= Valentin de los Santos =

Valentin de los Santos was a Filipino religious leader and political activist. Santos founded and led the Lapiang Malaya, a political movement that opposed the government of Ferdinand Marcos.

== Biography ==
Valentin de los Santos was born on the Filipino island of Luzon in the early 20th century. In the 1940s, Santos began a Christianity-based political movement in Northern Luzon advocating for more economic and social equality. Many people were drawn to Santos' style of leadership, which involved him teaching new methods of prayer to people. As noted by one source, Santos taught his followers a "beautiful way" in which to pray and interact positively with others; this was in contrast to other Filipino priests, who focused more on preaching and community functions.
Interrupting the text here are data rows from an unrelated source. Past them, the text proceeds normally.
lemma trace_on_orthonormal_basis:
  assumes b: "orthonormal_basis Q V b" and f: "linear f" and fV: "\<And>x. x \<in> V \<Longrightarrow> f x \<in> V"
  shows "trace_on V f = (\<Sum>e\<in>b. Q (f e) e)"
proof -
  define b0 where "b0 = (SOME b. b \<subseteq> V \<and> independent b \<and> span b = V)"
  have "\<exists>b. b \<subseteq> V \<and> independent b \<and> span b = V"
    using b orthonormal_basis_independent[OF b] by (auto simp: orthonormal_basis_def)
  then have b0: "b0 \<subseteq> V" "independent b0" "span b0 = V"
    unfolding b0_def by (metis (mono_tags, lifting) someI_ex)+
  have bV: "b \<subseteq> V" using b by (simp add: orthonormal_basis_def)
  let ?rep = "representation b0"
  have rep_f: "?rep (f x) x = (\<Sum>e\<in>b. Q (f x) e * ?rep e x)" if "x \<in> b0" for x
  proof -
    have "?rep (f x) = ?rep (\<Sum>e\<in>b. Q (f x) e *\<^sub>R e)"
      using orthonormal_basis_expansion[OF b fV] that b0 by auto
    also have "\<dots> = (\<lambda>y. \<Sum>e\<in>b. ?rep (Q (f x) e *\<^sub>R e) y)"
      by (rule representation_sum[OF b0(2)]) (use bV b0 in \<open>auto intro: span_scale span_base\<close>)
    also have "\<dots> = (\<lambda>y. \<Sum>e\<in>b. Q (f x) e * ?rep e y)"
      using bV b0 by (auto intro!: ext sum.cong simp: representation_scale[OF b0(2)])
    finally show ?thesis by simp
  qed
  have f_rep: "Q (f e) e = (\<Sum>x\<in>b0. ?rep e x * Q (f x) e)" if "e \<in> b" for e
  proof -
    have "e = (\<Sum>x\<in>b0. ?rep e x *\<^sub>R x)"
      using sum_representation_eq[OF b0(2) _ finiteI_independent[OF b0(2)]] that bV b0 by auto
    then have "f e = (\<Sum>x\<in>b0. ?rep e x *\<^sub>R f x)"
      using f by (metis (no_types, lifting) linear_scale linear_sum sum.cong)
    then show ?thesis by (simp add: bilinear_simps)
  qed
  have "trace_on V f = (\<Sum>x\<in>b0. \<Sum>e\<in>b. Q (f x) e * ?rep e x)"
    by (simp add: trace_on_def b0_def[symmetric] rep_f)
  also have "\<dots> = (\<Sum>e\<in>b. Q (f e) e)"
    by (subst sum.swap) (simp add: f_rep mult.commute)
  finally show ?thesis .
qed

lemma form_proj_orthonormal_basis:
  assumes b: "orthonormal_basis Q V b"
  shows "form_proj Q V x = (\<Sum>e\<in>b. Q x e *\<^sub>R e)"
  unfolding form_proj_def
proof (rule the_equality)
  let ?s = "\<Sum>e\<in>b. Q x e *\<^sub>R e"
  have V: "subspace V" "b \<subseteq> V" "span b = V"
    using b subspace_span[of b] by (auto simp: orthonormal_basis_def)
  have orth_b: "Q (x - ?s) e = 0" if "e \<in> b" for e
    using orthonormal_basis_coeff[OF b that, of "\<lambda>e. Q x e"] by (simp add: bilinear_simps)
  then have orth: "Q (x - ?s) z = 0" if "z \<in> V" for z
    using orthogonal_span[of b "x - ?s" z] that V by blast
  moreover have "?s \<in> V"
    using V by (intro subspace_sum subspace_scale) auto
  ultimately show "?s \<in> V \<and> (\<forall>z\<in>V. Q (x - ?s) z = 0)"
    by blast
  fix y assume y: "y \<in> V \<and> (\<forall>z\<in>V. Q (x - y) z = 0)"
  then have "y - ?s \<in> V"
    using \<open>?s \<in> V\<close> V by (auto intro: subspace_diff)
  moreover have "Q (y - ?s) z = 0" if "z \<in> V" for z
    using y orth[OF that] that by (simp add: bilinear_lsub[OF bilinear])
  ultimately have "Q (y - ?s) (y - ?s) = 0"
    by blast
  then show "y = ?s"
    by simp
qed

context
  fixes V :: "'a set"
  assumes V: "subspace V"
begin

lemma form_proj_in: "form_proj Q V x \<in> V"
proof -
  obtain b where b: "orthonormal_basis Q V b"
    using orthonormal_basis_exists[OF V] ..
  then show ?thesis
    using V by (auto simp: form_proj_orthonormal_basis orthonormal_basis_def
        intro!: subspace_sum subspace_scale)
qed

lemma form_proj_orthogonal: "z \<in> V \<Longrightarrow> Q (form_proj Q V x) z = Q x z"
proof -
  obtain b where b: "orthonormal_basis Q V b"
    using orthonormal_basis_exists[OF V] ..
  assume "z \<in> V"
  then show ?thesis
    using orthonormal_basis_Parseval[OF b \<open>z \<in> V\<close>, of x]
    by (simp add: form_proj_orthonormal_basis[OF b] bilinear_simps sym[of _ z])
qed

lemma form_proj_eqI:
  assumes "y \<in> V" "\<And>z. z \<in> V \<Longrightarrow> Q y z = Q x z"
  shows "form_proj Q V x = y"
proof -
  have "form_proj Q V x - y \<in> V"
    using assms form_proj_in V by (auto intro: subspace_diff)
  moreover have "Q (form_proj Q V x - y) z = 0" if "z \<in> V" for z
    using assms form_proj_orthogonal that by (simp add: bilinear_lsub[OF bilinear])
  ultimately have "Q (form_proj Q V x - y) (form_proj Q V x - y) = 0"
    by blast
  then show ?thesis
    by simp
qed

lemma form_proj_id: "x \<in> V \<Longrightarrow> form_proj Q V x = x"
  by (rule form_proj_eqI) auto

lemma form_proj_eq_0: "(\<And>z. z \<in> V \<Longrightarrow> Q x z = 0) \<Longrightarrow> form_proj Q V x = 0"
  by (rule form_proj_eqI) (auto simp: V subspace_0 bilinear_simps)

lemma linear_form_proj: "linear (form_proj Q V)"
proof -
  obtain b where b: "orthonormal_basis Q V b"
    using orthonormal_basis_exists[OF V] ..
  show ?thesis
    by (rule linearI) (simp_all add: form_proj_orthonormal_basis[OF b] bilinear_simps
        scaleR_add_left sum.distrib scaleR_sum_right)
qed

lemma form_restr_in: "x \<in> V \<Longrightarrow> form_restr Q V x y = Q x y"
  by (simp add: form_restr_def form_proj_id form_proj_orthogonal form_proj_in sym[of x])

end

lemma sum_form_proj:
  assumes I: "finite I" "\<And>i. i \<in> I \<Longrightarrow> subspace (V i)"
    and orth: "\<And>i j x y. i \<in> I \<Longrightarrow> j \<in> I \<Longrightarrow> i \<noteq> j \<Longrightarrow> x \<in> V i \<Longrightarrow> y \<in> V j \<Longrightarrow> Q x y = 0"
    and x: "x \<in> span (\<Union>i\<in>I. V i)"
  shows "(\<Sum>i\<in>I. form_proj Q (V i) x) = x"
proof -
  let ?w = "x - (\<Sum>i\<in>I. form_proj Q (V i) x)"
  have "?w \<in> span (\<Union>i\<in>I. V i)"
    using x I form_proj_in by (intro span_diff span_sum) (auto intro!: span_base)
  moreover have "Q ?w y = 0" if "j \<in> I" "y \<in> V j" for j y
  proof -
    have "Q (form_proj Q (V i) x) y = 0" if "i \<in> I - {j}" for i
      using orth[of i j] form_proj_in I that \<open>j \<in> I\<close> \<open>y \<in> V j\<close> by blast
    then have "(\<Sum>i\<in>I. Q (form_proj Q (V i) x) y) = Q (form_proj Q (V j) x) y"
      using that I by (subst sum.remove[of I j]) auto
    then show ?thesis
      using that I form_proj_orthogonal by (simp add: bilinear_simps)
  qed
  ultimately have "Q ?w ?w = 0"
    using orthogonal_span[of "\<Union>i\<in>I. V i" ?w] by blast
  then show ?thesis
    by simp
qed

lemma orthonormal_basis_UN:
  assumes I: "finite I" "\<And>i. i \<in> I \<Longrightarrow> orthonormal_basis Q (V i) (b i)"
    and orth: "\<And>i j x y. i \<in> I \<Longrightarrow> j \<in> I \<Longrightarrow> i \<noteq> j \<Longrightarrow> x \<in> V i \<Longrightarrow> y \<in> V j \<Longrightarrow> Q x y = 0"
  shows "orthonormal_basis Q (span (\<Union>i\<in>I. V i)) (\<Union>i\<in>I. b i)"
    and "disjoint_family_on b I"
proof -
  have b: "finite (b i)" "b i \<subseteq> V i" "span (b i) = V i" "e \<in> b i \<Longrightarrow> Q e e = 1"
    "e \<in> b i \<Longrightarrow> e' \<in> b i \<Longrightarrow> e \<noteq> e' \<Longrightarrow> Q e e' = 0" if "i \<in> I" for i e e'
    using I(2)[OF that] by (auto simp: orthonormal_basis_def)
  have cross: "Q e e' = 0" if "i \<in> I" "j \<in> I" "i \<noteq> j" "e \<in> b i" "e' \<in> b j" for i j e e'
    using orth b that by blast
  show "disjoint_family_on b I"
    unfolding disjoint_family_on_def using cross b(4) by fastforce
  have "V i \<subseteq> span (\<Union>i\<in>I. b i)" if "i \<in> I" for i
    using b(3)[OF that] span_mono[of "b i" "\<Union>i\<in>I. b i"] that by blast
  then have "span (\<Union>i\<in>I. b i) = span (\<Union>i\<in>I. V i)"
    using b(2) span_superset[of "\<Union>i\<in>I. V i"] by (intro span_eq[THEN iffD2]) blast
  moreover have "Q e e' = (if e = e' then 1 else 0)" if "i \<in> I" "j \<in> I" "e \<in> b i" "e' \<in> b j" for i j e e'
  proof (cases "i = j")
    case True
    then show ?thesis
      using b(4,5) that by auto
  next
    case False
    then show ?thesis
      using cross[OF that(1,2) False that(3,4)] b(4)[OF that(1,3)] by auto
  qed
  moreover have "(\<Union>i\<in>I. b i) \<subseteq> span (\<Union>i\<in>I. V i)"
    using b(2) span_superset[of "\<Union>i\<in>I. V i"] by blast
  ultimately show "orthonormal_basis Q (span (\<Union>i\<in>I. V i)) (\<Union>i\<in>I. b i)"
    using I(1) b(1) unfolding orthonormal_basis_def by blast
qed

lemma orthonormal_basis_Un:
  assumes b: "orthonormal_basis Q V b" and c: "orthonormal_basis Q W c"
    and orth: "\<And>x y. x \<in> V \<Longrightarrow> y \<in> W \<Longrightarrow> Q x y = 0"
  shows "orthonormal_basis Q (span (V \<union> W)) (b \<union> c)" and "b \<inter> c = {}"
proof -
  have bc: "finite b" "b \<subseteq> V" "span b = V" "finite c" "c \<subseteq> W" "span c = W"
    using b c by (auto simp: orthonormal_basis_def)
  have cross: "Q e e' = 0" "Q e' e = 0" if "e \<in> b" "e' \<in> c" for e e'
    using orth[of e e'] sym[of e e'] that bc by auto
  show "b \<inter> c = {}"
    using cross b by (fastforce simp: orthonormal_basis_def)
  have "span (b \<union> c) = span (V \<union> W)"
    using bc span_superset[of "V \<union> W"] span_mono[of b "b \<union> c"] span_mono[of c "b \<union> c"]
    by (intro span_eq[THEN iffD2]) blast
  moreover have "Q e e' = (if e = e' then 1 else 0)" if "e \<in> b \<union> c" "e' \<in> b \<union> c" for e e'
    using that b c cross \<open>b \<inter> c = {}\<close> unfolding orthonormal_basis_def by auto
  ultimately show "orthonormal_basis Q (span (V \<union> W)) (b \<union> c)"
    using bc span_superset[of "V \<union> W"] unfolding orthonormal_basis_def by blast
qed

lemma symmetric_form_min_Rayleigh_quotient:
  assumes P: "subspace P" "P \<noteq> {0}" and T: "bilinear T"
  shows "\<exists>c. \<exists>x0\<in>P. x0 \<noteq> 0 \<and> T x0 x0 = c * Q x0 x0 \<and> (\<forall>y\<in>P. c * Q y y \<le> T y y)"
proof -
  define S where "S = sphere 0 1 \<inter> P"
  define f where "f x = T x x / Q x x" for x
  have S: "compact S" "\<And>x. x \<in> S \<Longrightarrow> x \<noteq> 0"
    unfolding S_def by (intro compact_Int_closed compact_sphere closed_subspace P) auto
  have f_scale: "f (c *\<^sub>R x) = f x" if "c \<noteq> 0" for c x
  proof -
    have "f (c *\<^sub>R x) = (c * c * T x x) / (c * c * Q x x)"
      by (simp add: f_def bilinear_lmul[OF T] bilinear_rmul[OF T] scale_left scale_right)
    then show ?thesis
      using that by (simp add: f_def)
  qed
  have sgn: "sgn x \<in> S" "f (sgn x) = f x" if "x \<in> P" "x \<noteq> 0" for x
  proof -
    have "sgn x = inverse (norm x) *\<^sub>R x"
      by (simp add: sgn_div_norm)
    then show "sgn x \<in> S" "f (sgn x) = f x"
      using that P f_scale by (simp_all add: S_def norm_sgn subspace_scale)
  qed
  obtain v where v: "v \<in> P" "v \<noteq> 0"
    using P subspace_0 by blast
  have "continuous_on S f"
    unfolding f_def using S(2)
    by (intro continuous_on_divide bilinear_continuous_on_compose[OF continuous_on_id continuous_on_id]
        T bilinear) auto
  then obtain x0 where x0: "x0 \<in> S" "\<And>y. y \<in> S \<Longrightarrow> f x0 \<le> f y"
    using continuous_attains_inf[OF S(1)] sgn(1)[OF v] by blast
  have "f x0 * Q y y \<le> T y y" if "y \<in> P" for y
  proof (cases "y = 0")
    case True
    then show ?thesis
      by (simp add: bilinear_lzero[OF T] bilinear_lzero[OF bilinear])
  next
    case False
    then have "f x0 \<le> T y y / Q y y"
      using x0(2)[OF sgn(1)[OF that False]] sgn(2)[OF that False] by (simp add: f_def)
    then show ?thesis
      using pos[OF False] by (simp add: pos_le_divide_eq)
  qed
  moreover have "T x0 x0 = f x0 * Q x0 x0" "x0 \<in> P" "x0 \<noteq> 0"
    using S(2)[OF x0(1)] x0(1) by (simp_all add: f_def S_def)
  ultimately show ?thesis
    by blast
qed

end

lemma quadratic_nonneg_imp_linear_coeff_eq_0:
  fixes a b :: real
  assumes "\<And>t. 0 \<le> 2 * t * b + t\<^sup>2 * a"
  shows "b = 0"
proof (rule ccontr)
  assume "b \<noteq> 0"
  define u where "u = \<bar>a\<bar> + 1"
  have "u > 0" "a - 2 * u < 0"
    by (auto simp: u_def)
  have "2 * (- b / u) * b + (- b / u)\<^sup>2 * a = b\<^sup>2 * (a - 2 * u) / u\<^sup>2"
    using \<open>u > 0\<close> by (simp add: field_simps power2_eq_square)
  also have "\<dots> < 0"
    using \<open>b \<noteq> 0\<close> \<open>u > 0\<close> \<open>a - 2 * u < 0\<close> by (simp add: divide_neg_pos mult_pos_neg)
  finally show False
    using assms[of "- b / u"] by simp
qed
lemma row_span_scale_row:
  fixes P :: "'a::field^'n::finite^'n"
  assumes K: "subfield K" and c: "c \<in> K" "c \<noteq> 0"
  shows "row_span K (scale_row j c P) = row_span K P"
proof -
  let ?b = "\<lambda>i. P $ enum_nth i"
  have "row_span K (scale_row j c P) = K_span K (?b(enum_pos j := c *s ?b (enum_pos j))) CARD('n)"
    unfolding row_span_def
    by (rule K_span_cong) (auto simp: scale_row_def enum_nth_eq_iff enum_pos_less)
  also have "\<dots> = row_span K P"
    unfolding row_span_def by (rule K_span_scale_generator[OF K c enum_pos_less])
  finally show ?thesis .
qed

section \<open>The action of SL\<close>

lemma act_mult: "act (A ** B) U = act B (act A U)"
  by (auto simp: act_def image_image vector_matrix_mul_assoc)

lemma act_mat_1 [simp]: "act (mat 1) U = U"
  by (simp add: act_def)

lemma det_nonzero_inverseE:
  assumes "det (A::'a::field^'n::finite^'n) \<noteq> 0"
  obtains A' where "A ** A' = mat 1" "A' ** A = mat 1" "det A' = inverse (det A)"
proof -
  obtain A' where A': "A ** A' = mat 1" "A' ** A = mat 1"
    using assms invertible_det_nz invertible_def by metis
  then have "det A * det A' = 1"
    by (metis det_I det_mul)
  then show thesis
    using that A' inverse_unique by metis
qed

lemma SL_orbit_self: "U \<in> SL_orbit (U :: ('a::field^'n::finite) set)"
  unfolding SL_orbit_def by (metis (mono_tags) act_mat_1 det_I mem_Collect_eq)

lemma SL_orbit_trans:
  assumes "W \<in> SL_orbit U" "X \<in> SL_orbit W"
  shows "X \<in> SL_orbit (U :: ('a::field^'n::finite) set)"
proof -
  obtain A B :: "'a^'n^'n" where "det A = 1" "W = act A U" "det B = 1" "X = act B W"
    using assms unfolding SL_orbit_def by blast
  then have "det (A ** B) = 1" "X = act (A ** B) U"
    by (simp_all add: det_mul act_mult)
  then show ?thesis
    unfolding SL_orbit_def by blast
qed
(* Consider the multi-market oligopoly of equal capacity $\mathcal{G}$ described in the context, and suppose the functions $u_x$ ($x\in E$) and $c$ satisfy: each $u_x$ is concave and differentiable; $c$ is convex and differentiable; and at least one of the following holds: (a) all but at most one of the $u_x$ are strictly concave, or (b) $c$ is strictly convex. Then for every player $i\in N$ and every opponent aggregate $\mathbf{s}_{-i}\in S_{-i}=(n-1)\Delta^{m-1}$, the payoff $\mathbf{s}_i\mapsto u_i(\mathbf{s}_i;\mathbf{s}_{-i})$ is strictly concave on $\Delta^{m-1}$.
   Context: Let $N=\{1,\dots,n\}$ be a set of firms (players) and $E=\{1,\dots,m\}$ a set of markets. Let $\Delta^{m-1}=\{\mathbf{v}\in\mathbb{R}^m:\mathbf{v}\ge 0,\ \mathbf{v}^{T}\mathbf{1}=1\}$. Each firm $i$ chooses a strategy $\mathbf{s}_i=(s_{ix})_{x=1}^m\in S_i=\Delta^{m-1}$ (it allocates one unit of resource across markets). For each market $x$ let $u_x:\mathbb{R}_{\ge 0}\to\mathbb{R}_{\ge 0}$ with $u_x(0)=0$ (total revenue in market $x$), and let $p_x(t)=u_x(t)/t$ for $t>0$. Let $c:\Delta^{m-1}\to\mathbb{R}_{\ge 0}$ be a common cost function. For a strategy profile $\mathbf{S}=(\mathbf{s}_i)_{i=1}^n$ put $s_x=\sum_{i=1}^n s_{ix}$, $\mathbf{s}_{-i}=\sum_{j\ne i}\mathbf{s}_j$ (so $s_x=s_{ix}+s_{-ix}$). The payoff of player $i$ is $u_i(\mathbf{s}_i;\mathbf{s}_{-i})=\sum_{x=1}^m p_x(s_x)s_{ix}-c(\mathbf{s}_i)$ (a term with $s_x=0$ is taken to be $0$). The game is $\mathcal{G}=(N,S,(u_i)_{i=1}^n)$ with $S=\prod_{i=1}^n \Delta^{m-1}$. *)

theory Defs
  imports "HOL-Analysis.Analysis"
begin

definition strictly_convex_on :: "'a::real_vector set \<Rightarrow> ('a \<Rightarrow> real) \<Rightarrow> bool" where
  "strictly_convex_on S f \<longleftrightarrow> convex S \<and>
     (\<forall>x\<in>S. \<forall>y\<in>S. x \<noteq> y \<longrightarrow> (\<forall>t. 0 < t \<and> t < 1 \<longrightarrow>
        f ((1 - t) *\<^sub>R x + t *\<^sub>R y) < (1 - t) * f x + t * f y))"

definition strictly_concave_on :: "'a::real_vector set \<Rightarrow> ('a \<Rightarrow> real) \<Rightarrow> bool" where
  "strictly_concave_on S f \<longleftrightarrow> strictly_convex_on S (\<lambda>x. - f x)"
text \<open>A word of length at most \<open>k + 1\<close> is, up to factors \<open>one\<close>, a product of two words of
  length at most \<open>k\<close>.\<close>

lemma L_Suc_subset:
  assumes "1 \<le> k" and T: "subspace T" "L S k \<subseteq> T"
    and mul_T: "\<And>x y. x \<in> L S k \<Longrightarrow> y \<in> L S k \<Longrightarrow> mul x y \<in> T"
  shows "L S (Suc k) \<subseteq> T"
proof -
  have "w \<in> T" if "word mul one S w i" "i \<le> Suc k" for w i
    using that
  proof (induction rule: word.induct)
    case (word_mul u i v j)
    consider "i = 0" | "j = 0" | "i \<noteq> 0" "j \<noteq> 0" by blast
    then show ?case
    proof cases
      case 1
      then show ?thesis using word_mul word_0_eq_one[OF word_mul.hyps(1)] by simp
    next
      case 2
      then show ?thesis using word_mul word_0_eq_one[OF word_mul.hyps(2)] by simp
    next
      case 3
      then have "i \<le> k" "j \<le> k" using word_mul.prems by simp_all
      then have "u \<in> L S k" "v \<in> L S k"
        using word_mul.hyps[THEN word_in_L] L_mono[of _ k S] by blast+
      then show ?thesis by (rule mul_T)
    qed
  next
    case word_one
    then show ?case using one_in_L T(2) by blast
  next
    case (word_gen s)
    then show ?case using word_in_L[OF word.word_gen] L_mono[OF assms(1)] T(2) by blast
  qed
  then have "{w. \<exists>i\<le>Suc k. word mul one S w i} \<subseteq> T" by blast
  then show ?thesis
    unfolding Lspan_def by (rule span_minimal[OF _ T(1)])
qed

lemma L_eq_UNIV_if_closed:
  assumes "gen_set sc mul one S" "L S 1 \<subseteq> L S m" "L S (2 * m) \<subseteq> L S m"
  shows "L S m = UNIV"
proof -
  have "w \<in> L S m" if "word mul one S w k" for w k
    using that
  proof (induction rule: word.induct)
    case (word_mul u i v j)
    then show ?case using mul_L[of u S m v m] assms(3) by (auto simp: mult_2)
  qed (use assms(2) one_in_L word_in_L[OF word.word_gen] in auto)
  then have "{w. \<exists>j. word mul one S w j} \<subseteq> L S m" by blast
  then have "span {w. \<exists>j. word mul one S w j} \<subseteq> L S m"
    by (rule span_minimal[OF _ subspace_L])
  then show ?thesis using assms(1) unfolding gen_set_def by auto
qed
lemma colouring_image: "(\<lambda>T. T \<inter> tri 2 n) ` triangulations n = sparse_colourings 2 n"
proof
  show "(\<lambda>T. T \<inter> tri 2 n) ` triangulations n \<subseteq> sparse_colourings 2 n"
  proof (rule image_subsetI)
    fix T assume "T \<in> triangulations n"
    then have "sparse 2 n (T \<inter> tri 2 n)"
      unfolding triangulations_def using triangulation_colouring_sparse by blast
    then show "T \<inter> tri 2 n \<in> sparse_colourings 2 n" unfolding sparse_colourings_def by simp
  qed
  show "sparse_colourings 2 n \<subseteq> (\<lambda>T. T \<inter> tri 2 n) ` triangulations n"
  proof
    fix B assume "B \<in> sparse_colourings 2 n"
    then have B: "sparse 2 n B" "B \<subseteq> tri 2 n" unfolding sparse_colourings_def by simp_all
    have "B = fan_completion n B \<inter> tri 2 n" using fan_completion_colouring[OF B(2)] by simp
    moreover have "fan_completion n B \<in> triangulations n"
      using fan_completion_triangulation[OF B] unfolding triangulations_def by simp
    ultimately show "B \<in> (\<lambda>T. T \<inter> tri 2 n) ` triangulations n" by (rule image_eqI)
  qed
qed

text \<open>The correspondence holds for every polygon.\<close>
theorem mainTheorem3:
  fixes e :: int
  assumes "e \<ge> 4"
  shows "bij_betw (\<lambda>T. T \<inter> tri 2 (e - 1)) (triangulations (e - 1)) (sparse_colourings 2 (e - 1))"
  unfolding bij_betw_def using colouring_inj_on colouring_image by blast

end
(* Let $T$ be a primed tableau of shape $\lambda/\mu$ over $X'_k$, $1\le i\le k-1$, $j=i+1$, with $e_i(T)\ne 0$, and let $y,p$ be the boxes chosen in the definition of $e_i$. Then either $p=y$ and $e_i(T)$ is obtained from $T$ by replacing the entry $j$ in $y$ by $i$, or $p\ne y$ and $e_i(T)$ is obtained by replacing the $j$ in $y$ by $j'$ and a $j'$ in $p$ by $i$. Moreover, $e_i(T)$ is again a primed tableau of shape $\lambda/\mu$.
   Context: Primed tableaux: Fix $k$. $X'_k=\{1'<1<2'<2<\dots<k'<k\}$; moving one step along this chain is "changing by a half unit" (e.g. $j\to j'\to i$ are decreases by a half unit when $j=i+1$). A primed tableau of (skew) shape $\lambda/\mu$ is a filling of the diagram (English convention) with letters of $X'_k$, rows and columns weakly increasing, at most one $i'$ per row and at most one $i$ per column, for every $i$. For a position $p$, $c(p)$ is its entry; a position that is not a box of $T$ is regarded as having content smaller than every letter when it lies to the left of or above the relevant box. The reading word of $T$ is the word of its unprimed entries, read row by row left to right, from the bottom row to the top row. Bracketing: fix $i$, $j=i+1$. In the subword of the reading word consisting of the letters $i$ and $j$, repeatedly pair (bracket) a letter $j$ with a letter $i$ occurring later such that no unbracketed letters lie between them, until the unbracketed letters form a word $i^aj^b$. Operator $e_i$: if there is no unbracketed $j$, $e_i(T)=0$. Otherwise let $y$ be the box corresponding to the leftmost unbracketed $j$; $W_y$ the position immediately left of $y$, $N_y$ the position immediately above $y$. Choose a box $p$: (1) if $c(W_y)\le i$ and $c(N_y)<i$, $p=y$; (2) if $c(W_y)=j'$, $p=W_y$; (3) if $c(W_y)\le i$ and $c(N_y)\in\{i,j'\}$, take the maximal ribbon starting at $N_y$ and extending by steps North and/or East consisting only of boxes with entries $i$ or $j'$, and let $p$ be its Northeast-most box. Then $e_i(T)$ is obtained from $T$ by decreasing $c(y)$ by a half unit and then decreasing $c(p)$ by a half unit. *)

theory Defs
  imports Main
begin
Santos' messages also revolved around nonviolence, equality, and nationalism - political credos which helped the Lapiang Malaya garner support among the poorer peoples of Luzon. The party supported Santos when he ran for president in the Philippine presidential election of 1957.

In addition to being the leader of the Lapiang Malaya, Santos became renowned in Luzon for his charisma. He was also purported to have healing abilities, superhuman strength, and invulnerability to bullets; some of these beliefs were shared by other members of the Lapiang Malaya. Santos was also believed by his followers to have invented a number of inventions, including the traffic light. He is also alleged to have direct contact with Bathala (Supreme god) and past notable Filipinos such as Jose Rizal.

In the Spring of 1967, Santos and the Lapiang Malaya organized a political rally in the Philippine capital of Manila, where they intended to peacefully overthrow the government of Ferdinand Marcos. The organization marched on Malacañang Palace on 20 May, but were intercepted by the Philippine Constabulary. They were armed with bolo knives and anting-anting or amulets. The crowd was eventually dispersed with force, resulting in the deaths of 33 people, after which Santos was arrested. He was judged to be insane by the Filipino government and confined to the National Center for Mental Health, where he was eventually killed by another patient. Following his incarceration and death, his son-in-law, Domingo De Guia, replaced him as the head of Lapiang Malaya.